Years ago, since the early 2000s, institutional investors (such as big super funds) started to integrate ESG principles into all their investment strategies and procedures. Wholesale investors (financial planners and their dealer groups and platforms) struggled to follow suit, except through their big balanced fund managers who were able to emulate the super funds. And, for the third, retail segment, (direct investor) market, it is still pretty much up to the individual to develop a cake-mix of investments which includes ESG principles.

  • What is helping the retail and wholesale investors now is the proliferation of smart-beta and other specialist ETFs which may, or may not, incorporate ESG to a greater, or lesser, extent.

    Against that background, BetaShares, the largest ETF provider in Australia by number of ETF options in this market (and third-largest in Australia by total assets), held a media briefing including two of its supporters: Morgan Stanley and Future Super in Sydney last week.

    Alex Vynokur, BetaShares chief executive, said: “We’ve seen a notable rise in demand for responsible investments across all segments of the market, including institutional investors, advisers and individual investors.

    “It appears the millennial segment of clients may be the most natural fit for ethical products, with a particularly high level of interest emanating from younger investors. In saying that, demand is strong across the board, and we additionally see a number of investors from earlier generations seeking to invest according to a set of responsible investment principles.”

    According to the latest data from the Responsible Investment Association Australasia, as of December 2016, ethical funds in Australia managed $69.9 billion.
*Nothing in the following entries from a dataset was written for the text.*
text \<open>
Put Q = q^2 and r = q^(-2 tau). Up to unimodular phases, the n-th coefficient of v_lambda is
sqrt(w_n / Q^n) u_n(r lambda), with weight w_n = Q^(n(n-1)/2) (Q r)^n / (Q;Q)_n and polynomials
u_n(x) = 2phi1(Q^-n, 1/x; 0; Q, -Qx/r). Hence <D v_lambda, v_mu> = S(r lambda, r mu) for
S(x, y) = sum_n w_n u_n(x) u_n(y), and the spectral points become x = Q^k and x = -r Q^k,
where 1 and -r are the roots of (x - 1)(x + r).

Two q-difference equations, u_(n+1)(x) - u_(n+1)(Qx) = (1 - Q^(n+1)) / (r Q^n) x u_n(x) and
x r u_(n+1)(x) = (x - 1)(x + r) u_n(x/Q) + r u_n(x), turn into the recurrence
S(Qx, Qy) = (1 - x/y) S(x, Qy) + x (1 - Qy)(Qy + r) / (r y) S(x, y), and at a root b into
S(Qx, b) = (1 - Qx/b) S(x, b). Induction on k and l reduces the matrix coefficients to
S(1, 1), S(-r, -r) and S(-r, 1), which Euler's identity
sum_n Q^(n(n-1)/2) z^n / (Q;Q)_n = (-z;Q)_inf evaluates as infinite products.
\<close>

lemma qpoch_0 [simp]: "qpoch a p 0 = 1"
  by (simp add: qpoch_def)

lemma qpoch_Suc: "qpoch a p (Suc n) = qpoch a p n * (1 - a * p ^ n)"
  by (simp add: qpoch_def)

lemma qpoch_Suc_left: "qpoch a p (Suc n) = (1 - a) * qpoch (a * p) p n"
  unfolding qpoch_def by (subst prod.lessThan_Suc_shift) (simp add: mult.assoc)

lemma qpoch_zero_left [simp]: "qpoch 0 p n = 1"
  by (simp add: qpoch_def)

lemma qpoch_self_pos:
  assumes "0 < p" "p < 1"
  shows "0 < qpoch p p n"
  unfolding qpoch_def
proof (rule prod_pos)
  fix i
  have "p ^ Suc i < 1" using assms by (rule power_Suc_less_one)
  then show "0 < 1 - p * p ^ i" by simp
qed

lemma qpoch_inverse_power_eq_0:
  assumes "p \<noteq> 0" "n < j"
  shows "qpoch (inverse (p ^ n)) p j = 0"
  unfolding qpoch_def using assms by (intro prod_zero) (auto intro!: bexI[of _ n])

lemma sum_lessThan_Suc_shift_case:
  fixes f g :: "nat \<Rightarrow> 'a::semiring_0"
  shows "(\<Sum>s<Suc N. (case s of 0 \<Rightarrow> 0 | Suc j \<Rightarrow> f j) * g s) = (\<Sum>j<N. f j * g (Suc j))"
  by (subst sum.lessThan_Suc_shift) simp

lemma prod_power_square_eq_powr:
  assumes "0 < q"
  shows "(\<Prod>i<n. (q\<^sup>2) ^ i) = q powr (real n * (real n - 1))"
proof (induction n)
  case (Suc n)
  have "(q\<^sup>2) ^ n = q powr (2 * real n)"
    using powr_realpow[OF assms, of "2 * n"] by (simp add: power_mult)
  then show ?case
    using Suc.IH by (simp add: powr_add[symmetric] algebra_simps)
qed (use assms in simp)

lemma vvec_mult_cnj: "vvec q \<tau> \<phi> a n * cnj (vvec q \<tau> \<phi> b n) = of_real (pn q \<tau> a n * pn q \<tau> b n)"
proof -
  define z where "z = \<i> ^ n * exp (\<i> * of_real (real n * \<phi>))"
  have "z * cnj z = 1"
    using complex_norm_square[of z] by (simp add: z_def norm_mult norm_power)
  then show ?thesis
    unfolding vvec_def z_def[symmetric] by (simp add: mult_ac)
qed

locale q_base =
  fixes Q :: real
  assumes Q_pos: "0 < Q" and Q_less_1: "Q < 1"
begin

lemma power_Q_pos: "0 < Q ^ n"
  using Q_pos by simp

lemma one_minus_power_Q_pos: "0 < n \<Longrightarrow> 0 < 1 - Q ^ n"
  using Q_pos Q_less_1 by (simp add: power_less_one_iff)

lemma qpoch_Q_Q_pos: "0 < qpoch Q Q n"
  using qpoch_self_pos[OF Q_pos Q_less_1] .

definition euler_coeff :: "nat \<Rightarrow> real" where
  "euler_coeff n = (\<Prod>i<n. Q ^ i) / qpoch Q Q n"

lemma euler_coeff_0 [simp]: "euler_coeff 0 = 1"
  by (simp add: euler_coeff_def)

lemma euler_coeff_Suc: "euler_coeff (Suc n) * (1 - Q ^ Suc n) = euler_coeff n * Q ^ n"
  using one_minus_power_Q_pos[of "Suc n"] by (simp add: euler_coeff_def qpoch_Suc)

lemma euler_coeff_pos: "0 < euler_coeff n"
  unfolding euler_coeff_def using qpoch_Q_Q_pos Q_pos by (simp add: prod_pos)

lemma summable_euler_coeff: "summable (\<lambda>n. euler_coeff n * z ^ n)"
proof -
  have "(\<lambda>n. Q ^ n * \<bar>z\<bar>) \<longlonglongrightarrow> 0"
    using Q_pos Q_less_1 by (intro tendsto_mult_left_zero LIMSEQ_power_zero) simp
  moreover have "0 < (1 - Q) / 2" using Q_less_1 by simp
  ultimately have "eventually (\<lambda>n. Q ^ n * \<bar>z\<bar> < (1 - Q) / 2) sequentially"
    by (rule order_tendstoD(2))
  then obtain N where N: "\<And>n. N \<le> n \<Longrightarrow> Q ^ n * \<bar>z\<bar> < (1 - Q) / 2"
    unfolding eventually_sequentially by blast
  show ?thesis
  proof (rule summable_ratio_test[of "1/2" N])
    fix n assume "N \<le> n"
    have "1 - Q \<le> 1 - Q ^ Suc n"
      using Q_pos Q_less_1 by (simp add: power_le_one mult_left_le)
    then have bound: "Q ^ n * \<bar>z\<bar> \<le> 1/2 * (1 - Q ^ Suc n)"
      using N[OF \<open>N \<le> n\<close>] by (simp add: field_simps)
    have "\<bar>euler_coeff n * Q ^ n * z ^ Suc n\<bar> = Q ^ n * \<bar>z\<bar> * \<bar>euler_coeff n * z ^ n\<bar>"
      using Q_pos by (simp add: abs_mult power_abs mult_ac)
    also have "\<dots> \<le> 1/2 * (1 - Q ^ Suc n) * \<bar>euler_coeff n * z ^ n\<bar>"
      by (rule mult_right_mono[OF bound]) simp
    also have "euler_coeff n * Q ^ n * z ^ Suc n = (1 - Q ^ Suc n) * (euler_coeff (Suc n) * z ^ Suc n)"
      by (simp add: euler_coeff_Suc[symmetric])
    finally show "norm (euler_coeff (Suc n) * z ^ Suc n) \<le> 1/2 * norm (euler_coeff n * z ^ n)"
      using one_minus_power_Q_pos[of "Suc n"] by (simp add: abs_mult mult.assoc)
  qed simp
qed

definition euler_series :: "real \<Rightarrow> real" where
  "euler_series z = (\<Sum>n. euler_coeff n * z ^ n)"

lemma euler_series_functional_eq: "euler_series z = (1 + z) * euler_series (Q * z)"
proof -
  have s1: "summable (\<lambda>n. euler_coeff n * z ^ n)"
    and s2: "summable (\<lambda>n. euler_coeff n * (Q * z) ^ n)"
    by (rule summable_euler_coeff)+
  have "euler_series z - euler_series (Q * z) = (\<Sum>n. euler_coeff n * z ^ n - euler_coeff n * (Q * z) ^ n)"
    unfolding euler_series_def by (rule suminf_diff[OF s1 s2])
  also have "\<dots> = (\<Sum>n. euler_coeff (Suc n) * z ^ Suc n - euler_coeff (Suc n) * (Q * z) ^ Suc n)"
    using suminf_split_head[OF summable_diff[OF s1 s2]] by simp
  also have "\<dots> = (\<Sum>n. z * (euler_coeff n * (Q * z) ^ n))"
  proof (rule suminf_cong)
    fix n
    have "euler_coeff (Suc n) * z ^ Suc n - euler_coeff (Suc n) * (Q * z) ^ Suc n
        = (euler_coeff (Suc n) * (1 - Q ^ Suc n)) * z ^ Suc n"
      by (simp add: power_mult_distrib algebra_simps)
    also have "\<dots> = z * (euler_coeff n * (Q * z) ^ n)"
      by (simp only: euler_coeff_Suc) (simp add: power_mult_distrib mult_ac)
    finally show "euler_coeff (Suc n) * z ^ Suc n - euler_coeff (Suc n) * (Q * z) ^ Suc n
        = z * (euler_coeff n * (Q * z) ^ n)" .
  qed
  also have "\<dots> = z * euler_series (Q * z)"
    unfolding euler_series_def by (rule suminf_mult[OF s2])
  finally show ?thesis by (simp add: algebra_simps)
qed

lemma euler_series_iterate: "euler_series z = (\<Prod>i<N. 1 + z * Q ^ i) * euler_series (Q ^ N * z)"
proof (induction N arbitrary: z)
  case (Suc N)
  have "euler_series z = (1 + z) * ((\<Prod>i<N. 1 + Q * z * Q ^ i) * euler_series (Q ^ N * (Q * z)))"
    by (subst Suc.IH[symmetric]) (rule euler_series_functional_eq)
  then show ?case
    by (subst prod.lessThan_Suc_shift) (simp add: mult_ac)
qed simp

text \<open>The partial products are quotients of the series at z and at Q^N z, and the latter
  tends to the constant term 1.\<close>
lemma qpoch_inf_eq_euler_series: "qpoch_inf (- z) Q = euler_series z"
proof -
  have "isCont euler_series 0"
    unfolding euler_series_def
    by (rule isCont_powser_converges_everywhere) (rule summable_euler_coeff)
  moreover have "(\<lambda>N. Q ^ N * z) \<longlonglongrightarrow> 0"
    using Q_pos Q_less_1 by (intro tendsto_mult_left_zero LIMSEQ_power_zero) simp
  moreover have "euler_series 0 = 1"
    unfolding euler_series_def using powser_zero[of euler_coeff] by simp
  ultimately have tail: "(\<lambda>N. euler_series (Q ^ N * z)) \<longlonglongrightarrow> 1"
    using isCont_tendsto_compose by fastforce
  have "(\<lambda>N. euler_series z / euler_series (Q ^ N * z)) \<longlonglongrightarrow> euler_series z"
    using tendsto_divide[OF tendsto_const tail] by simp
  moreover have "eventually (\<lambda>N. euler_series (Q ^ N * z) \<noteq> 0) sequentially"
    using tail by (rule tendsto_imp_eventually_ne) simp
  then have "eventually
      (\<lambda>N. euler_series z / euler_series (Q ^ N * z) = (\<Prod>i<N. 1 + z * Q ^ i)) sequentially"
  proof (rule eventually_mono)
    fix N assume "euler_series (Q ^ N * z) \<noteq> 0"
    then show "euler_series z / euler_series (Q ^ N * z) = (\<Prod>i<N. 1 + z * Q ^ i)"
      using euler_series_iterate[of z N] by (simp add: field_simps)
  qed
  ultimately have partial: "(\<lambda>N. \<Prod>i<N. 1 + z * Q ^ i) \<longlonglongrightarrow> euler_series z"
    by (rule Lim_transform_eventually)
  have "summable (\<lambda>i. norm (1 + z * Q ^ i - 1))"
    using Q_pos Q_less_1 by (simp add: abs_mult summable_geometric)
  then have "convergent_prod (\<lambda>i. 1 + z * Q ^ i)"
    by (intro abs_convergent_prod_imp_convergent_prod summable_imp_abs_convergent_prod)
  then have "(\<lambda>N. \<Prod>i<N. 1 + z * Q ^ i) \<longlonglongrightarrow> (\<Prod>i. 1 + z * Q ^ i)"
    using LIMSEQ_lessThan_iff_atMost convergent_prod_LIMSEQ by blast
  with partial have "(\<Prod>i. 1 + z * Q ^ i) = euler_series z"
    by (rule LIMSEQ_unique[rotated])
  then show ?thesis by (simp add: qpoch_inf_def)
qed

definition newton_prod :: "nat \<Rightarrow> real \<Rightarrow> real" where
  "newton_prod j x = (\<Prod>i<j. x - Q ^ i)"

lemma newton_prod_0 [simp]: "newton_prod 0 x = 1"
  by (simp add: newton_prod_def)

lemma newton_prod_Suc: "newton_prod (Suc j) x = newton_prod j x * (x - Q ^ j)"
  by (simp add: newton_prod_def)

lemma newton_prod_Suc_at_1 [simp]: "newton_prod (Suc j) 1 = 0"
  unfolding newton_prod_def by (intro prod_zero) (auto intro!: bexI[of _ 0])

lemma newton_prod_Suc_scale: "newton_prod (Suc j) (Q * x) = (Q * x - 1) * Q ^ j * newton_prod j x"
proof -
  have "newton_prod (Suc j) (Q * x) = (Q * x - 1) * (\<Prod>i<j. Q * (x - Q ^ i))"
    unfolding newton_prod_def by (subst prod.lessThan_Suc_shift) (simp add: algebra_simps)
  then show ?thesis by (simp add: newton_prod_def prod.distrib)
qed

lemma newton_prod_Suc_diff:
  "newton_prod (Suc j) x - newton_prod (Suc j) (Q * x) = (1 - Q ^ Suc j) * x * newton_prod j x"
  unfolding newton_prod_Suc_scale by (simp add: newton_prod_Suc algebra_simps)

lemma newton_prod_divide_Q: "(x - 1) * newton_prod j (x / Q) = newton_prod (Suc j) x / Q ^ j"
  using newton_prod_Suc_scale[of j "x / Q"] Q_pos power_Q_pos[of j] by (simp add: field_simps)

lemma mult_x_newton_sum:
  assumes "f N = 0"
  shows "x * (\<Sum>j<N. f j * newton_prod j x)
    = (\<Sum>s<Suc N. ((case s of 0 \<Rightarrow> 0 | Suc j \<Rightarrow> f j) + Q ^ s * f s) * newton_prod s x)"
proof -
  have "x * (\<Sum>j<N. f j * newton_prod j x)
      = (\<Sum>j<N. f j * newton_prod (Suc j) x) + (\<Sum>j<N. Q ^ j * f j * newton_prod j x)"
    unfolding sum_distrib_left sum.distrib[symmetric]
    by (rule sum.cong) (simp_all add: newton_prod_Suc algebra_simps)
  also have "(\<Sum>j<N. Q ^ j * f j * newton_prod j x) = (\<Sum>s<Suc N. Q ^ s * f s * newton_prod s x)"
    using assms by simp
  finally show ?thesis
    by (simp only: distrib_right sum.distrib sum_lessThan_Suc_shift_case)
qed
The association’s figures also indicate that ethical funds’ AUM grew by 26 per cent annually over the 10 years to end 2016, which compares to 9 per cent annual growth recorded by the broader Australian funds management industry.

    But these figures are rubbery. They have no regard for the integrated and overlay-mandated ESG strategies of big funds, which make up more than one-third of the Australian super industry. They represent only the more-easily defined “ethical”, “responsible” or “ESG” options among for-profit and not-for-profit funds and fund managers.

    As an aside, “ethical” fund managers do not always rate well with the international ratings firms which have grown up to add some further sophistication to the investment process or style. For instance, many sign up to the international UNPRI principles but, according to consulting firms such as Mercer, which probably leads the way globally in this regard, they pay lip service to integrating ESG across their processes.

    And there-in lies the rub. There remains a host of definitional issues for the funds management industry to come to terms with – both at the top-down level of comparing “ethical” with “responsible” and the more broadly acceptable institutional focus of “ESG” – and the issues surrounding what constitutes a “good”, “clean” or “well-governed” company.

    Vynokur said that as responsible investing became more mainstream, the specific methodologies used by investment strategies were increasingly important in investors’ decision-making processes. In the broadest sense, he said, “ethical and sustainable” investments were labels used by asset managers to identify that the constituents of a portfolio had been selected for reasons other than those that were solely economic. However, as the industry had grown, investors were now faced with products using a wide range of methodologies to select their holdings. “Before we launched our latest ethical ETF, the Australian Sustainability Leaders ETF (ASX code: FAIR), we took into consideration the current concerns of responsible investors”, he said.

    “It was critical for us to develop something with broad eligibility criteria. For example, while environment concerns remain core to the screens we use, we added a substantial number of other filtering criteria to FAIR, including the need for gender diversity at a board level and ensuring that businesses were not involved in activities like gambling, payday lending, or selling tobacco, to name a few.”